### Problem to work on:
Please repeat the lines below exactly. Begin with the line containing "(- of_nat (N" and go on through the line containing "using binomial_factorial_moment_shifted[OF assms, of".

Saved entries
·····

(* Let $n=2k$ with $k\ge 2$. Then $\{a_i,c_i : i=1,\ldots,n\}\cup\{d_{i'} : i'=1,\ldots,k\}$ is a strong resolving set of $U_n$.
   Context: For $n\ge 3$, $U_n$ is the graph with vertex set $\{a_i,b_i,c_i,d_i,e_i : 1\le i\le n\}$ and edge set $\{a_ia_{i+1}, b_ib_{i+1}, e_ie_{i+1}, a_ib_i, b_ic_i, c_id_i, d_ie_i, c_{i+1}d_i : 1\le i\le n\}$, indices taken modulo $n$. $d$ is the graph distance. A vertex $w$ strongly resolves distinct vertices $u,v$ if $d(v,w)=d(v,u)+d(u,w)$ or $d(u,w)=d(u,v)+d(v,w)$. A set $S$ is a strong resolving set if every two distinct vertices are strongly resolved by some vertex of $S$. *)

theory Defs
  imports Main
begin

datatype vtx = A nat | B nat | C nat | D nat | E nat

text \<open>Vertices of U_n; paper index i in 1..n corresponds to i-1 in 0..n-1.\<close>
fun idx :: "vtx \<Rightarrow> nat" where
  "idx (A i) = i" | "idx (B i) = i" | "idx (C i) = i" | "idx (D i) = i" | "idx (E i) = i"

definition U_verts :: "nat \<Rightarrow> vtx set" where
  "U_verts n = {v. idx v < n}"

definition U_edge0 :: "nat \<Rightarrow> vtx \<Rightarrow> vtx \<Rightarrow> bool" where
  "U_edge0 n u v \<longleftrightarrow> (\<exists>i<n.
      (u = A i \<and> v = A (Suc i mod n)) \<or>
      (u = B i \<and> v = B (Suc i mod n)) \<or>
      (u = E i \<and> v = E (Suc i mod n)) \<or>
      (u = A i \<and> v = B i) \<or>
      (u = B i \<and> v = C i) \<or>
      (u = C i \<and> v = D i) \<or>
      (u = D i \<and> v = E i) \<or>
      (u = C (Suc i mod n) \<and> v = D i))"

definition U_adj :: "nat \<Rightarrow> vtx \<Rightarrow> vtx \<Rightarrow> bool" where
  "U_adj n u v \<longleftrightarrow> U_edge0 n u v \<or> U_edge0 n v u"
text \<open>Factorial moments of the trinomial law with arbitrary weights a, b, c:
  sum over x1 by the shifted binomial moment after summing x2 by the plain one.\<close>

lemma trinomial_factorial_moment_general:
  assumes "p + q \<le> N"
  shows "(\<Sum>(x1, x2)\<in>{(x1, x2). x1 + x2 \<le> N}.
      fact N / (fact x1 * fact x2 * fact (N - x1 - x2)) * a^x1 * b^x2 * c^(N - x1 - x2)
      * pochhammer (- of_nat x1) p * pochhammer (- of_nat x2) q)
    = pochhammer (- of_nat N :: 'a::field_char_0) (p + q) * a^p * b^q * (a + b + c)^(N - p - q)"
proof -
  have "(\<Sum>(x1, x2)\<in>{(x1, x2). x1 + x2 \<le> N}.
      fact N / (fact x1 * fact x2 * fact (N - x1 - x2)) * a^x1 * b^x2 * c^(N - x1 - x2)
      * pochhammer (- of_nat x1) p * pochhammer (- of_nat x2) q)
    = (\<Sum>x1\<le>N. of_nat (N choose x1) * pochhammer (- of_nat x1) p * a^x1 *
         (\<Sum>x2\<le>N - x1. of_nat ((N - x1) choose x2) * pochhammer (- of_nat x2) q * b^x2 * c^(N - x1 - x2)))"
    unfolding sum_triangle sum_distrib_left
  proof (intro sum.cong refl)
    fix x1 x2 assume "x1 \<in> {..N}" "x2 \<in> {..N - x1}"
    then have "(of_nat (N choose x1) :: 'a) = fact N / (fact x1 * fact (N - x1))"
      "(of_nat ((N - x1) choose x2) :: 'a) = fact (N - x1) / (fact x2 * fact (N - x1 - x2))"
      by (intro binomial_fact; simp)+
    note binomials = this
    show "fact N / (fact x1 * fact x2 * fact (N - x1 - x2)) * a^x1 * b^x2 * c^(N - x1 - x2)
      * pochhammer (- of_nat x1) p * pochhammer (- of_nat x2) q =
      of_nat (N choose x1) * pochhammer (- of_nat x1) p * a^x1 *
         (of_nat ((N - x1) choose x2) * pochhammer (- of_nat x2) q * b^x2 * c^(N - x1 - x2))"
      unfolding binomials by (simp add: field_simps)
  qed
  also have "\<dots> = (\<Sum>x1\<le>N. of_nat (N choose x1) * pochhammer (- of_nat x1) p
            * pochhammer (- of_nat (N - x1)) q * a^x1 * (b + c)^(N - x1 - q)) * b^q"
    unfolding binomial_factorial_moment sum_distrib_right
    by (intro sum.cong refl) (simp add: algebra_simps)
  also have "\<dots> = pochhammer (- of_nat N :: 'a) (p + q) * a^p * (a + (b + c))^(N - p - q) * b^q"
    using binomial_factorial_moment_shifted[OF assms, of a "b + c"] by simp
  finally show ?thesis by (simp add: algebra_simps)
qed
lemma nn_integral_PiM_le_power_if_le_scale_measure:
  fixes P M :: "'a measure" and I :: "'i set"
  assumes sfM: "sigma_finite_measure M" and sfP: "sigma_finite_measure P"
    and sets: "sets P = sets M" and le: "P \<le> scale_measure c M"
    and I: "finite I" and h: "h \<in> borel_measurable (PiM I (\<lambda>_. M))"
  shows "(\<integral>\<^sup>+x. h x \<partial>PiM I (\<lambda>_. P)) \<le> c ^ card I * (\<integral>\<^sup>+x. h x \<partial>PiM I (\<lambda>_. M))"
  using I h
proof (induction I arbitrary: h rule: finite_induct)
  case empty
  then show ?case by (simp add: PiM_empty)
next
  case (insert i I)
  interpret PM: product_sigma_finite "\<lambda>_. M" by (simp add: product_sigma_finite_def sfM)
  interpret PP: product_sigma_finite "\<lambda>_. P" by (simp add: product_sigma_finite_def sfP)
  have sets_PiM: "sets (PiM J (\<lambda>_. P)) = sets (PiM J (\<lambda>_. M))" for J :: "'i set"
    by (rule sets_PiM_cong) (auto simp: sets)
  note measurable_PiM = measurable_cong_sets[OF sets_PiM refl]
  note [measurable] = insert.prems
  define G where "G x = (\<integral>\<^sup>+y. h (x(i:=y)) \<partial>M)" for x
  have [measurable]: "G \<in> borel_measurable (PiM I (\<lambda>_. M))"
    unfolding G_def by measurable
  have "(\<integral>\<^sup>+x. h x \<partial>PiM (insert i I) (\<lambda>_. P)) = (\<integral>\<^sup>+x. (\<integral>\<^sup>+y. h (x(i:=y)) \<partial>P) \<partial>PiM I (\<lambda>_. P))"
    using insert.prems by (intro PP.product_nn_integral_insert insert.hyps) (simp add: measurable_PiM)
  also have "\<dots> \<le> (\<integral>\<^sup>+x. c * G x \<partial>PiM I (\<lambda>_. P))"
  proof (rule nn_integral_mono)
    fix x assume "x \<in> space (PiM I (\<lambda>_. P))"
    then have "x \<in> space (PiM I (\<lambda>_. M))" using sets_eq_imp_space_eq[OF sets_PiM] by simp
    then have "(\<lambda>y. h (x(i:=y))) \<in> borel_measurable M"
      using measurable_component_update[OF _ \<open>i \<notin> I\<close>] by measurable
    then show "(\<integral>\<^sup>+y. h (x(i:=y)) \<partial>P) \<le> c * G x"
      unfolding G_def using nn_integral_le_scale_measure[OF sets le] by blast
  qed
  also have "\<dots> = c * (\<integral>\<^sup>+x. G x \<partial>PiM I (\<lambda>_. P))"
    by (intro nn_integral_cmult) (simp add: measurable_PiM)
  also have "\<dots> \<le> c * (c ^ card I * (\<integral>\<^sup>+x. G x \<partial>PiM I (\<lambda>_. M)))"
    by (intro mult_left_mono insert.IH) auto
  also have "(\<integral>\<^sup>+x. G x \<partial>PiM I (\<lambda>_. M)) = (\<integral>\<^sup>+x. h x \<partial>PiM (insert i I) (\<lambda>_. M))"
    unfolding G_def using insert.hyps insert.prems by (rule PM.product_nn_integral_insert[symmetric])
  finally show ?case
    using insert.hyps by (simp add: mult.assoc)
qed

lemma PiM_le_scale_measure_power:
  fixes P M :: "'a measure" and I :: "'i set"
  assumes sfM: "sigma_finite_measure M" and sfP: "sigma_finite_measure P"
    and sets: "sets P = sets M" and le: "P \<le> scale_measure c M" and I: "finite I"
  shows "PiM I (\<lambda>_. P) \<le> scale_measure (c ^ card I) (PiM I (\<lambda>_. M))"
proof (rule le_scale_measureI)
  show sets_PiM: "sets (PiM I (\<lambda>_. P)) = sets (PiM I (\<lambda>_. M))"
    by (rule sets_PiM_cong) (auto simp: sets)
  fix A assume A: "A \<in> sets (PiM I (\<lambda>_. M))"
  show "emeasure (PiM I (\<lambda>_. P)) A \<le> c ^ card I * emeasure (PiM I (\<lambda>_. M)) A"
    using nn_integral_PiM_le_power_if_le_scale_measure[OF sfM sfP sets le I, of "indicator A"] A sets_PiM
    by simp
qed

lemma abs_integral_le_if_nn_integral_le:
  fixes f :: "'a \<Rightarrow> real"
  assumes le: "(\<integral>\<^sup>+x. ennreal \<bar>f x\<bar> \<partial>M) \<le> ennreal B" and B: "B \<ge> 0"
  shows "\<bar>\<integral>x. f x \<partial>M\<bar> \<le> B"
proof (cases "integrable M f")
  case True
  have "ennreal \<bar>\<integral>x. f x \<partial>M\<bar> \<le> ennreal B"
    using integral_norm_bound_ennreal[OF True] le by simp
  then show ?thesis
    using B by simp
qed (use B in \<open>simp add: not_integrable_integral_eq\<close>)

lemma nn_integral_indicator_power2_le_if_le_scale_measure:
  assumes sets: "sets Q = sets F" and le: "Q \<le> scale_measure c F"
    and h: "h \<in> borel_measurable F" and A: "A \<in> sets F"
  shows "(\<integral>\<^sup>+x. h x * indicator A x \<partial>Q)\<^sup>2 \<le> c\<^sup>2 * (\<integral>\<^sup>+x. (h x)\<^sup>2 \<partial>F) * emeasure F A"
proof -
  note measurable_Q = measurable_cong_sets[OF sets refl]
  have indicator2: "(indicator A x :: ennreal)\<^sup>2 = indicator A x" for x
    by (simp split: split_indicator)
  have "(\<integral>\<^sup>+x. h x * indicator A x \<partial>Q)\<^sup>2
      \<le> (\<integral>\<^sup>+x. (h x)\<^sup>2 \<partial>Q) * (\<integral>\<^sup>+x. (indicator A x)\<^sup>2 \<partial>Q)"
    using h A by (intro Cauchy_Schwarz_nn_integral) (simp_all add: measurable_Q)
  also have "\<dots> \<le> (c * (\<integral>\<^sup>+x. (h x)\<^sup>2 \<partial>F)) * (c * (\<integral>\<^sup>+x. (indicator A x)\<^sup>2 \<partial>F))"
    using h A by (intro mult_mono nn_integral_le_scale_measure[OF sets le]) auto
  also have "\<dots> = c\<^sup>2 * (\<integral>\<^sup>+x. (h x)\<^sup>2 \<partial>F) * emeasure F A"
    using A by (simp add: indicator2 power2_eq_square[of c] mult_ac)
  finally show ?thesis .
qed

·····

### Solved exercise:
            * pochhammer (- of_nat (N - x1)) q * a^x1 * (b + c)^(N - x1 - q)) * b^q"
    unfolding binomial_factorial_moment sum_distrib_right
    by (intro sum.cong refl) (simp add: algebra_simps)
  also have "\<dots> = pochhammer (- of_nat N :: 'a) (p + q) * a^p * (a + (b + c))^(N - p - q) * b^q"
    using binomial_factorial_moment_shifted[OF assms, of a "b + c"] by simp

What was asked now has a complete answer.